To fill the gap, a famous blogger of the left, Steve M, provided these reasons for suspecting the testimony was thus mendacious and arranged.

Jesus, you don't have to be an angry young demonstrator to be skeptical of this Washington Post story by Peter Hermann. 

Do you have even a passing familiarity with mid-century noir, James Ellroy, Richard Price, John Gregory Dunne? 

That should be enough. 

Has it not penetrated your consciousness in all your decades on this earth that police departments circle the wagons when one of their own is accused of wrongdoing -- especially when the accusations are accurate -- and that it's routine to promise favorable treatment to a dumb schlub in lockup who'll play ball?

See?

It happens in some of the best fiction of our time, so it's a pretty good bet it's happening in Baltimore.

That's all the Post writer had to say.

As for me, my takeaway from that Post story is a bit different.
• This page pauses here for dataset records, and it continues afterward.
(* For every $k\ge2$ and every $n\ge2$, the families $\mathrm{SLT}_k$ and $\mathrm{REG}_n^Z$ are incomparable (neither is contained in the other); likewise, for every $n\ge 2$, the families $\mathrm{SLT}$ and $\mathrm{REG}_n^Z$ are incomparable.
   Context: Strictly locally testable languages: let $V$ be an alphabet and $k\ge1$. For $B,I,E\subseteq V^k$ and $F\subseteq V^{\le k-1}$, $\mathrm{slt}(B,I,E,F)$ is the language over $V$ consisting of all words in $F$ together with all words $a_1\cdots a_n$ ($a_i\in V$, $n\ge k$) with $a_1\cdots a_k\in B$, $a_{j+1}\cdots a_{j+k}\in I$ for all $1\le j\le n-k-1$, and $a_{n-k+1}\cdots a_n\in E$. $\mathrm{SLT}_k$ is the family of languages of this form and $\mathrm{SLT}=\bigcup_{k\ge1}\mathrm{SLT}_k$. For a regular language $L\subseteq V^*$, $\mathrm{State}(L)$ is the minimum number of states of a deterministic finite automaton over $V$ with total transition function accepting $L$; $\mathrm{REG}_n^Z=\{L\text{ regular}:\mathrm{State}(L)\le n\}$. *)

theory Defs
  imports Main
begin

definition alphabet :: "nat set \<Rightarrow> bool" where
  "alphabet V \<longleftrightarrow> finite V \<and> V \<noteq> {}"

definition words_eq :: "nat set \<Rightarrow> nat \<Rightarrow> nat list set" where
  "words_eq V k = {w. set w \<subseteq> V \<and> length w = k}"

definition words_lt :: "nat set \<Rightarrow> nat \<Rightarrow> nat list set" where
  "words_lt V k = {w. set w \<subseteq> V \<and> length w \<le> k - 1}"

text \<open>slt(B,I,E,F): the word a_1...a_n (0-indexed list w) has prefix a_1..a_k in B,
  every factor a_{j+1}..a_{j+k} (= take k (drop j w)) for 1 <= j <= n-k-1 in I,
  and suffix a_{n-k+1}..a_n (= drop (n-k) w) in E.\<close>
definition slt :: "nat set \<Rightarrow> nat \<Rightarrow> nat list set \<Rightarrow> nat list set \<Rightarrow> nat list set
                   \<Rightarrow> nat list set \<Rightarrow> nat list set" where
  "slt V k B I E F = F \<union>
     {w. set w \<subseteq> V \<and> length w \<ge> k \<and> take k w \<in> B
         \<and> (\<forall>j. 1 \<le> j \<and> j \<le> length w - k - 1 \<longrightarrow> take k (drop j w) \<in> I)
         \<and> drop (length w - k) w \<in> E}"

definition SLT_k :: "nat set \<Rightarrow> nat \<Rightarrow> nat list set \<Rightarrow> bool" where
  "SLT_k V k L \<longleftrightarrow> k \<ge> 1 \<and> (\<exists>B I E F. B \<subseteq> words_eq V k \<and> I \<subseteq> words_eq V k
      \<and> E \<subseteq> words_eq V k \<and> F \<subseteq> words_lt V k \<and> L = slt V k B I E F)"

definition SLT :: "nat set \<Rightarrow> nat list set \<Rightarrow> bool" where
  "SLT V L \<longleftrightarrow> (\<exists>k\<ge>1. SLT_k V k L)"

definition is_dfa :: "nat set \<Rightarrow> nat set \<Rightarrow> nat \<Rightarrow> (nat \<Rightarrow> nat \<Rightarrow> nat) \<Rightarrow> nat set \<Rightarrow> bool" where
  "is_dfa V Q q0 d Fs \<longleftrightarrow> finite Q \<and> q0 \<in> Q \<and> Fs \<subseteq> Q
      \<and> (\<forall>q\<in>Q. \<forall>a\<in>V. d q a \<in> Q)"

definition dfa_lang :: "nat set \<Rightarrow> nat \<Rightarrow> (nat \<Rightarrow> nat \<Rightarrow> nat) \<Rightarrow> nat set \<Rightarrow> nat list set" where
  "dfa_lang V q0 d Fs = {w. set w \<subseteq> V \<and> foldl d q0 w \<in> Fs}"

definition accepts_with :: "nat set \<Rightarrow> nat \<Rightarrow> nat list set \<Rightarrow> bool" where
  "accepts_with V m L \<longleftrightarrow> (\<exists>Q q0 d Fs. is_dfa V Q q0 d Fs \<and> card Q = m \<and> L = dfa_lang V q0 d Fs)"

definition regular :: "nat set \<Rightarrow> nat list set \<Rightarrow> bool" where
  "regular V L \<longleftrightarrow> (\<exists>m. accepts_with V m L)"

definition State :: "nat set \<Rightarrow> nat list set \<Rightarrow> nat" where
  "State V L = (LEAST m. accepts_with V m L)"

definition REG_Z :: "nat set \<Rightarrow> nat \<Rightarrow> nat list set \<Rightarrow> bool" where
  "REG_Z V n L \<longleftrightarrow> regular V L \<and> State V L \<le> n"

end

theory Submission
  imports Defs
begin

text \<open>Over the alphabet {0..n+k}, the words whose letters increase by one at each step form an
  SLT_k language for every k \<ge> 2, since this is a condition on factors of length k. Yet the
  prefixes [0..<i], 1 \<le> i \<le> n+1, are pairwise distinguishable, so every DFA for it has more than
  n states. Conversely, the unary words of even length are accepted by a 2-state DFA, but no
  SLT_k language equals it: all factors of a unary word coincide, so with a long word an SLT_k
  language also contains the word one letter longer.\<close>

definition consecutive :: "nat list \<Rightarrow> bool" where
  "consecutive xs \<longleftrightarrow> (\<forall>p. Suc p < length xs \<longrightarrow> xs ! Suc p = Suc (xs ! p))"

lemma consecutive_upt: "consecutive [a..<b]"
  unfolding consecutive_def by auto

lemma consecutive_take: "consecutive xs \<Longrightarrow> consecutive (take k xs)"
  unfolding consecutive_def by auto

lemma consecutive_drop: "consecutive xs \<Longrightarrow> consecutive (drop k xs)"
  unfolding consecutive_def by (auto simp: add.commute[of k])

lemma slt_window_mem:
  assumes "w \<in> slt V k B I E F" "w \<notin> F" "j \<le> length w - k"
  shows "take k (drop j w) \<in> B \<union> I \<union> E"
proof -
  have len: "k \<le> length w" and "take k w \<in> B"
    and inner: "\<And>j. 1 \<le> j \<Longrightarrow> j \<le> length w - k - 1 \<Longrightarrow> take k (drop j w) \<in> I"
    and "drop (length w - k) w \<in> E"
    using assms(1,2) unfolding slt_def by auto
  moreover have "take k (drop (length w - k) w) = drop (length w - k) w"
    using len by simp
  ultimately show ?thesis
  proof (cases "j = 0 \<or> j = length w - k")
    case False
    then have "1 \<le> j" "j \<le> length w - k - 1"
      using assms(3) by auto
    then show ?thesis
      using inner by blast
  qed auto
qed

lemma slt_memI_windows:
  assumes "set w \<subseteq> V" "k \<le> length w"
    and "\<And>j. j \<le> length w - k \<Longrightarrow> take k (drop j w) \<in> S"
  shows "w \<in> slt V k S S S F"
proof -
  have "take k w \<in> S" using assms(3)[of 0] by simp
  moreover have "drop (length w - k) w \<in> S"
    using assms(2) assms(3)[of "length w - k"] by simp
  ultimately show ?thesis
    using assms unfolding slt_def by auto
qed

text \<open>Windows of length at least 2 overlap in at least one letter, so consecutiveness of all
  windows propagates to the whole word.\<close>
lemma consecutive_if_windows:
  assumes k: "2 \<le> k" "k \<le> length w"
    and windows: "\<And>j. j \<le> length w - k \<Longrightarrow> consecutive (take k (drop j w))"
  shows "consecutive w"
  unfolding consecutive_def
proof (intro allI impI)
  fix p assume p: "Suc p < length w"
  define j where "j = min p (length w - k)"
  have j: "j \<le> p" "Suc p < j + k" "j \<le> length w - k"
    using k p unfolding j_def by auto
  have "Suc (p - j) < length (take k (drop j w))"
    using j k by auto
  then have "take k (drop j w) ! Suc (p - j) = Suc (take k (drop j w) ! (p - j))"
    using windows[OF j(3)] unfolding consecutive_def by blast
  moreover have "j + Suc (p - j) = Suc p" "j + (p - j) = p"
    using j by auto
  ultimately show "w ! Suc p = Suc (w ! p)"
    using j p by (simp add: nth_drop)
qed

definition consecutive_words :: "nat set \<Rightarrow> nat \<Rightarrow> nat list set" where
  "consecutive_words V k = {xs \<in> words_eq V k. consecutive xs}"

definition counting_lang :: "nat set \<Rightarrow> nat \<Rightarrow> nat list set" where
  "counting_lang V k =
     slt V k (consecutive_words V k) (consecutive_words V k) (consecutive_words V k) {}"

lemma SLT_k_counting_lang: "1 \<le> k \<Longrightarrow> SLT_k V k (counting_lang V k)"
  unfolding SLT_k_def counting_lang_def
  by (intro conjI exI[of _ "consecutive_words V k"] exI[of _ "{}"]) (auto simp: consecutive_words_def)

lemma consecutive_if_counting_lang:
  assumes "w \<in> counting_lang V k" "2 \<le> k"
  shows "consecutive w"
proof (rule consecutive_if_windows)
  show "k \<le> length w"
    using assms(1) unfolding counting_lang_def slt_def by auto
  show "consecutive (take k (drop j w))" if "j \<le> length w - k" for j
    using slt_window_mem[OF assms(1)[unfolded counting_lang_def] _ that]
    unfolding consecutive_words_def by auto
qed (use assms in auto)

lemma upt_in_counting_lang:
  assumes "k \<le> m" "set [0..<m] \<subseteq> V"
  shows "[0..<m] \<in> counting_lang V k"
  unfolding counting_lang_def
proof (rule slt_memI_windows)
  fix j assume "j \<le> length [0..<m] - k"
  then have "take k (drop j [0..<m]) = [j..<j+k]"
    using assms(1) by (simp add: take_upt)
  moreover have "set [j..<j+k] \<subseteq> set [0..<m]"
    using \<open>j \<le> length [0..<m] - k\<close> assms(1) by auto
  ultimately show "take k (drop j [0..<m]) \<in> consecutive_words V k"
    unfolding consecutive_words_def words_eq_def using assms(2) consecutive_upt by auto
qed (use assms in auto)

lemma foldl_in_states:
  "is_dfa V Q q0 d Fs \<Longrightarrow> q \<in> Q \<Longrightarrow> set w \<subseteq> V \<Longrightarrow> foldl d q w \<in> Q"
  by (induction w arbitrary: q) (auto simp: is_dfa_def)

text \<open>Myhill--Nerode lower bound: pairwise distinguishable words reach pairwise distinct states.\<close>
lemma card_le_dfa_states:
  assumes D: "is_dfa V Q q0 d Fs" and L: "L = dfa_lang V q0 d Fs"
    and "finite S" and words: "\<And>i. i \<in> S \<Longrightarrow> set (u i) \<subseteq> V"
    and distinguish: "\<And>i j. i \<in> S \<Longrightarrow> j \<in> S \<Longrightarrow> i \<noteq> j \<Longrightarrow>
       \<exists>z. set z \<subseteq> V \<and> (u i @ z \<in> L \<longleftrightarrow> u j @ z \<notin> L)"
  shows "card S \<le> card Q"
proof -
  define state where "state i = foldl d q0 (u i)" for i
  have "inj_on state S"
  proof (rule inj_onI, rule ccontr)
    fix i j assume "i \<in> S" "j \<in> S" "state i = state j" "i \<noteq> j"
    moreover from distinguish[OF this(1,2,4)] obtain z
      where "set z \<subseteq> V" "u i @ z \<in> L \<longleftrightarrow> u j @ z \<notin> L" by blast
    ultimately show False
      using words unfolding L dfa_lang_def state_def by auto
  qed
  moreover have "state ` S \<subseteq> Q"
    using foldl_in_states[OF D] D words unfolding state_def is_dfa_def by auto
  moreover have "finite Q"
    using D unfolding is_dfa_def by simp
  ultimately show ?thesis
    by (rule card_inj_on_le)
qed

lemma REG_Z_E:
  assumes "REG_Z V n L"
  obtains Q q0 d Fs where "is_dfa V Q q0 d Fs" "card Q \<le> n" "L = dfa_lang V q0 d Fs"
proof -
  from assms obtain m where m: "accepts_with V m L" and le: "State V L \<le> n"
    unfolding REG_Z_def regular_def by auto
  have "accepts_with V (State V L) L"
    unfolding State_def using m by (rule LeastI)
  then show thesis
    using that le unfolding accepts_with_def by auto
qed

lemma REG_Z_I:
  assumes "accepts_with V m L" "m \<le> n"
  shows "REG_Z V n L"
proof -
  have "State V L \<le> m"
    unfolding State_def using assms(1) by (rule Least_le)
  then show ?thesis
    using assms unfolding REG_Z_def regular_def by auto
qed

text \<open>The prefixes [0..<i], 1 \<le> i \<le> n+1, are pairwise distinguished by the suffix [i..<i+k].\<close>
lemma counting_lang_not_REG_Z:
  assumes k: "2 \<le> k"
  shows "\<not> REG_Z {0..n+k} n (counting_lang {0..n+k} k)"
proof
  let ?V = "{0..n+k}" and ?L = "counting_lang {0..n+k} k"
  assume "REG_Z ?V n ?L"
  then obtain Q q0 d Fs where D: "is_dfa ?V Q q0 d Fs" "card Q \<le> n" "?L = dfa_lang ?V q0 d Fs"
    by (rule REG_Z_E)
  have "card {1..n+1} \<le> card Q"
  proof (rule card_le_dfa_states[OF D(1,3), where u = "\<lambda>i. [0..<i]"])
    fix i j assume i: "i \<in> {1..n+1}" and j: "j \<in> {1..n+1}" and "i \<noteq> j"
    have "[0..<i+k] \<in> ?L"
      using i by (intro upt_in_counting_lang) auto
    then have "[0..<i] @ [i..<i+k] \<in> ?L"
      using upt_add_eq_append[of 0 i k] by simp
    moreover have "[0..<j] @ [i..<i+k] \<notin> ?L"
    proof
      assume "[0..<j] @ [i..<i+k] \<in> ?L"
      then have "consecutive ([0..<j] @ [i..<i+k])"
        using k by (rule consecutive_if_counting_lang)
      moreover have "Suc (j - 1) < length ([0..<j] @ [i..<i+k])"
        using j k by auto
      ultimately have "([0..<j] @ [i..<i+k]) ! j = Suc (([0..<j] @ [i..<i+k]) ! (j - 1))"
        unfolding consecutive_def using j by fastforce
      then show False
        using j k \<open>i \<noteq> j\<close> by (simp add: nth_append)
    qed
    moreover have "set [i..<i+k] \<subseteq> ?V"
      using i by auto
    ultimately show "\<exists>z. set z \<subseteq> ?V \<and> ([0..<i] @ z \<in> ?L \<longleftrightarrow> [0..<j] @ z \<notin> ?L)"
      by blast
  qed auto
  with D(2) show False
    by simp
qed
From the story it certainly seems likely to me that the police broke or at least severely damaged Gray's back by kneeling on him before they put him into the van.

And leaving him to bounce around during a rough ride ("banging against the walls," as that witness statement says), a gratuitous act of cruelty, might have finished the job begun by the kneeling officers and severed his spine.

If, on the other hand there was no erratic drive and Gray was quiet in the van as originally reported then it appears the damage to Gray's spine was done entirely by the police before the ride.

Obviously the kneeling was intentional, though the video cannot tell us whether the officers intended such or any serious damage.

Manslaughter, at least?

It's tricky because it's the job of police to use force the use of which would be illegal for civilians.

Standards for criminal or civil liability for consequences may be different, too.

But I certainly would hope that does not amount to carte blache.

Lately, we have seen cops let go without even a slapped wrist in too many cases of police killings, and given our own past experience and public knowledge of how this stuff goes we have to think that handful of cases, given high publicity only because the victims were black and the cops white, are only the tip of a much larger iceberg in which both the perpetrators and victims of police thuggery and even murder come in all colors and sexes.